■ DATA IN THIS EXERCISE:
lemma rees_level_exists:
  assumes "locally_nilpotent D"
  shows "\<exists>e. f \<in> rees_level D e"
proof (induction f)
  case 0
  then show ?case
    using zero_mem_rees_level by blast
next
  case (pCons a f)
  then obtain e where e: "f \<in> rees_level D e"
    by blast
  obtain n where n: "(D ^^ n) a = 0"
    using assms unfolding locally_nilpotent_def by blast
  have "pCons a f \<in> rees_level D (max e n)"
    unfolding rees_level_def
  proof (intro CollectI allI)
    fix k
    show "(D ^^ Suc (k + max e n)) (coeff (pCons a f) k) = 0"
    proof (cases k)
      case 0
      then show ?thesis
        using funpow_eq_0_mono[OF n] by simp
    next
      case (Suc j)
      have "(D ^^ Suc (j + e)) (coeff f j) = 0"
        using e by (simp add: rees_level_def)
      then show ?thesis
        using Suc by (auto intro: funpow_eq_0_mono)
    qed
  qed
  then show ?case
    by blast
qed

lemma subring_set_rees_algebra: "subring_set (rees_algebra D)"
  using mult_mem_rees_level[of _ 0 _ 0]
  unfolding subring_set_def rees_algebra_eq_rees_level_0
  by (simp add: zero_mem_rees_level one_mem_rees_level add_mem_rees_level
      add_mem_rees_level[OF _ uminus_mem_rees_level, simplified])

end

end

locale char_0_derivation = derivation D for D :: "'a::{idom, ring_char_0} \<Rightarrow> 'a"
begin

context
  notes funpow.simps(2) [simp del]
begin

lemma funpow_mult_top_neq_0:
  assumes "(D ^^ Suc p) a = 0" "(D ^^ Suc q) b = 0" "(D ^^ p) a \<noteq> 0" "(D ^^ q) b \<noteq> 0"
  shows "(D ^^ (p + q)) (a * b) \<noteq> 0"
  using funpow_mult_top[OF assms(1,2)] assms(3,4) by simp

text \<open>Gauss' lemma for the Rees filtration: the coefficients of lowest index \<open>i\<^sub>0\<close>, \<open>j\<^sub>0\<close>
  that violate the smaller levels contribute the only nonvanishing term of
  \<open>D\<^bsup>i\<^sub>0+j\<^sub>0+a+b+2\<^esup>\<close> applied to the coefficient of index \<open>i\<^sub>0 + j\<^sub>0\<close> of the product.\<close>
lemma mult_not_mem_rees_level:
  assumes f: "f \<in> rees_level D (Suc a)" "f \<notin> rees_level D a"
    and g: "g \<in> rees_level D (Suc b)" "g \<notin> rees_level D b"
  shows "f * g \<notin> rees_level D (Suc (a + b))"
proof -
  define P where "P k \<longleftrightarrow> (D ^^ Suc (k + a)) (coeff f k) \<noteq> 0" for k
  define Q where "Q k \<longleftrightarrow> (D ^^ Suc (k + b)) (coeff g k) \<noteq> 0" for k
  define i\<^sub>0 where "i\<^sub>0 = (LEAST k. P k)"
  define j\<^sub>0 where "j\<^sub>0 = (LEAST k. Q k)"
  have "\<exists>k. P k" "\<exists>k. Q k"
    using f(2) g(2) by (auto simp: P_def Q_def rees_level_def)
  then have "P i\<^sub>0" "Q j\<^sub>0"
    unfolding i\<^sub>0_def j\<^sub>0_def by (auto intro: LeastI_ex)
  have below_i\<^sub>0: "(D ^^ Suc (i + a)) (coeff f i) = 0" if "i < i\<^sub>0" for i
    using not_less_Least[OF that[unfolded i\<^sub>0_def]] by (simp add: P_def)
  have below_j\<^sub>0: "(D ^^ Suc (j + b)) (coeff g j) = 0" if "j < j\<^sub>0" for j
    using not_less_Least[OF that[unfolded j\<^sub>0_def]] by (simp add: Q_def)
  have f_Suc: "(D ^^ Suc (i + Suc a)) (coeff f i) = 0" for i
    using f(1) by (simp add: rees_level_def)
  have g_Suc: "(D ^^ Suc (j + Suc b)) (coeff g j) = 0" for j
    using g(1) by (simp add: rees_level_def)
  define N where "N = i\<^sub>0 + j\<^sub>0"
  define M where "M = Suc (N + Suc (a + b))"
  have other_terms: "(D ^^ M) (coeff f i * coeff g (N - i)) = 0" if "i \<le> N" "i \<noteq> i\<^sub>0" for i
  proof (cases "i < i\<^sub>0")
    case True
    have "(D ^^ Suc (i + a + (N - i + Suc b))) (coeff f i * coeff g (N - i)) = 0"
      by (rule funpow_mult_eq_0[OF below_i\<^sub>0[OF True] g_Suc])
    with that show ?thesis
      by (simp add: M_def add_ac)
  next
    case False
    then have "N - i < j\<^sub>0"
      using that by (simp add: N_def)
    have "(D ^^ Suc (i + Suc a + (N - i + b))) (coeff f i * coeff g (N - i)) = 0"
      by (rule funpow_mult_eq_0[OF f_Suc below_j\<^sub>0[OF \<open>N - i < j\<^sub>0\<close>]])
    with that show ?thesis
      by (simp add: M_def add_ac)
  qed
  have "(D ^^ (i\<^sub>0 + Suc a + (j\<^sub>0 + Suc b))) (coeff f i\<^sub>0 * coeff g j\<^sub>0) \<noteq> 0"
    using funpow_mult_top_neq_0[OF f_Suc g_Suc] \<open>P i\<^sub>0\<close> \<open>Q j\<^sub>0\<close> by (simp add: P_def Q_def)
  then have main_term: "(D ^^ M) (coeff f i\<^sub>0 * coeff g (N - i\<^sub>0)) \<noteq> 0"
    by (simp add: M_def N_def add_ac)
  have "(D ^^ M) (coeff (f * g) N) = (\<Sum>i\<le>N. (D ^^ M) (coeff f i * coeff g (N - i)))"
    by (simp add: coeff_mult additive.sum[OF additive_funpow])
  also have "\<dots> = (D ^^ M) (coeff f i\<^sub>0 * coeff g (N - i\<^sub>0))"
    using other_terms by (subst sum.remove[of _ i\<^sub>0]) (simp_all add: N_def)
  finally have "(D ^^ M) (coeff (f * g) N) \<noteq> 0"
    using main_term by simp
  then show ?thesis
    unfolding rees_level_def M_def by auto
qed

lemma power_not_mem_rees_level:
  assumes "h \<in> rees_level D (Suc e)" "h \<notin> rees_level D e"
  shows "h ^ Suc j \<notin> rees_level D (j * Suc e + e)"
proof (induction j)
  case 0
  then show ?case
    using assms(2) by simp
next
  case (Suc j)
  have "h ^ Suc j \<in> rees_level D (Suc j * Suc e)"
    by (rule power_mem_rees_level[OF assms(1)])
  moreover have "Suc j * Suc e = Suc (j * Suc e + e)"
    by simp
  ultimately have "h ^ Suc j \<in> rees_level D (Suc (j * Suc e + e))"
    by metis
  then have "h * h ^ Suc j \<notin> rees_level D (Suc (e + (j * Suc e + e)))"
    using mult_not_mem_rees_level[OF assms] Suc.IH by blast
  moreover have "Suc (e + (j * Suc e + e)) = Suc j * Suc e + e"
    by simp
  ultimately show ?case
    by (metis power_Suc)
qed

end

lemma rees_algebra_integrally_closed:
  assumes "locally_nilpotent D" and "integral_over (rees_algebra D) (to_fract h)"
  shows "h \<in> rees_algebra D"
proof (rule ccontr)
  assume "h \<notin> rees_algebra D"
  obtain P where P: "\<And>i. coeff P i \<in> rees_level D 0" "lead_coeff P = 1" "poly P h = 0"
    using assms(2) unfolding integral_over_to_fract_iff rees_algebra_eq_rees_level_0 by blast
  define e\<^sub>0 where "e\<^sub>0 = (LEAST e. h \<in> rees_level D e)"
  have "h \<in> rees_level D e\<^sub>0"
    unfolding e\<^sub>0_def using rees_level_exists[OF assms(1)] by (rule LeastI_ex)
  moreover from this have "e\<^sub>0 \<noteq> 0"
    using \<open>h \<notin> rees_algebra D\<close> by (intro notI) (simp add: rees_algebra_eq_rees_level_0)
  then obtain e where "e\<^sub>0 = Suc e"
    using not0_implies_Suc by blast
  ultimately have h: "h \<in> rees_level D (Suc e)" "h \<notin> rees_level D e"
    using not_less_Least[of e "\<lambda>e. h \<in> rees_level D e"] by (simp_all add: e\<^sub>0_def)
  have "degree P \<noteq> 0"
  proof
    assume "degree P = 0"
    then have "poly P h = 1"
      using P(2) by (simp add: poly_altdef)
    with P(3) show False
      by simp
  qed
  then obtain m where m: "degree P = Suc m"
    using not0_implies_Suc by blast
  have "0 = (\<Sum>i\<le>m. coeff P i * h ^ i) + h ^ Suc m"
    using P(2,3) by (simp add: poly_altdef m)
  then have "h ^ Suc m = - (\<Sum>i\<le>m. coeff P i * h ^ i)"
    by (simp add: eq_neg_iff_add_eq_0 add.commute)
  moreover have "(\<Sum>i\<le>m. coeff P i * h ^ i) \<in> rees_level D (m * Suc e + e)"
  proof (rule sum_mem_rees_level)
    fix i
    assume "i \<in> {..m}"
    have "coeff P i * h ^ i \<in> rees_level D (0 + i * Suc e)"
      by (rule mult_mem_rees_level[OF P(1) power_mem_rees_level[OF h(1)]])
    then show "coeff P i * h ^ i \<in> rees_level D (m * Suc e + e)"
      by (rule rees_level_mono) (use \<open>i \<in> {..m}\<close> mult_le_mono1[of i m "Suc e"] in simp)
  qed
  ultimately have "h ^ Suc m \<in> rees_level D (m * Suc e + e)"
    by (simp add: uminus_mem_rees_level)
  with power_not_mem_rees_level[OF h] show False
    by blast
qed

end

theorem corollary2p5:
  fixes K :: "'a::{idom, ring_char_0} set" and D :: "'a \<Rightarrow> 'a"
  assumes "alg_closed_subfield K"
    and "normal_subring (UNIV :: 'a set)"
    and "is_derivation K D"
    and "locally_nilpotent D"
    and "\<exists>a. D a \<noteq> 0"
  shows "integral_subring (rees_algebra D) \<and> normal_subring (rees_algebra D)"
proof -
  interpret char_0_derivation D
    using assms(3) by unfold_locales (simp_all add: is_derivation_def)
  have Q: "\<exists>a::'a. of_nat d * a = 1" if "0 < d" for d
    using assms(1) subfield_set_nat_inverse[OF _ that] unfolding alg_closed_subfield_def by blast
  have "normal_subring (rees_algebra D)"
    using normal_subring_poly[OF assms(2) Q] subring_set_rees_algebra
      rees_algebra_integrally_closed[OF assms(4)]
    by (rule normal_subring_if_integrally_closed)
  then show ?thesis
    by (simp add: normal_subring_def)
qed

end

■ DIRECTIONS:
Extract each line holding the word "idom" from the records.

■ WRITTEN ANSWER:
locale char_0_derivation = derivation D for D :: "'a::{idom, ring_char_0} \<Rightarrow> 'a"
  fixes K :: "'a::{idom, ring_char_0} set" and D :: "'a \<Rightarrow> 'a"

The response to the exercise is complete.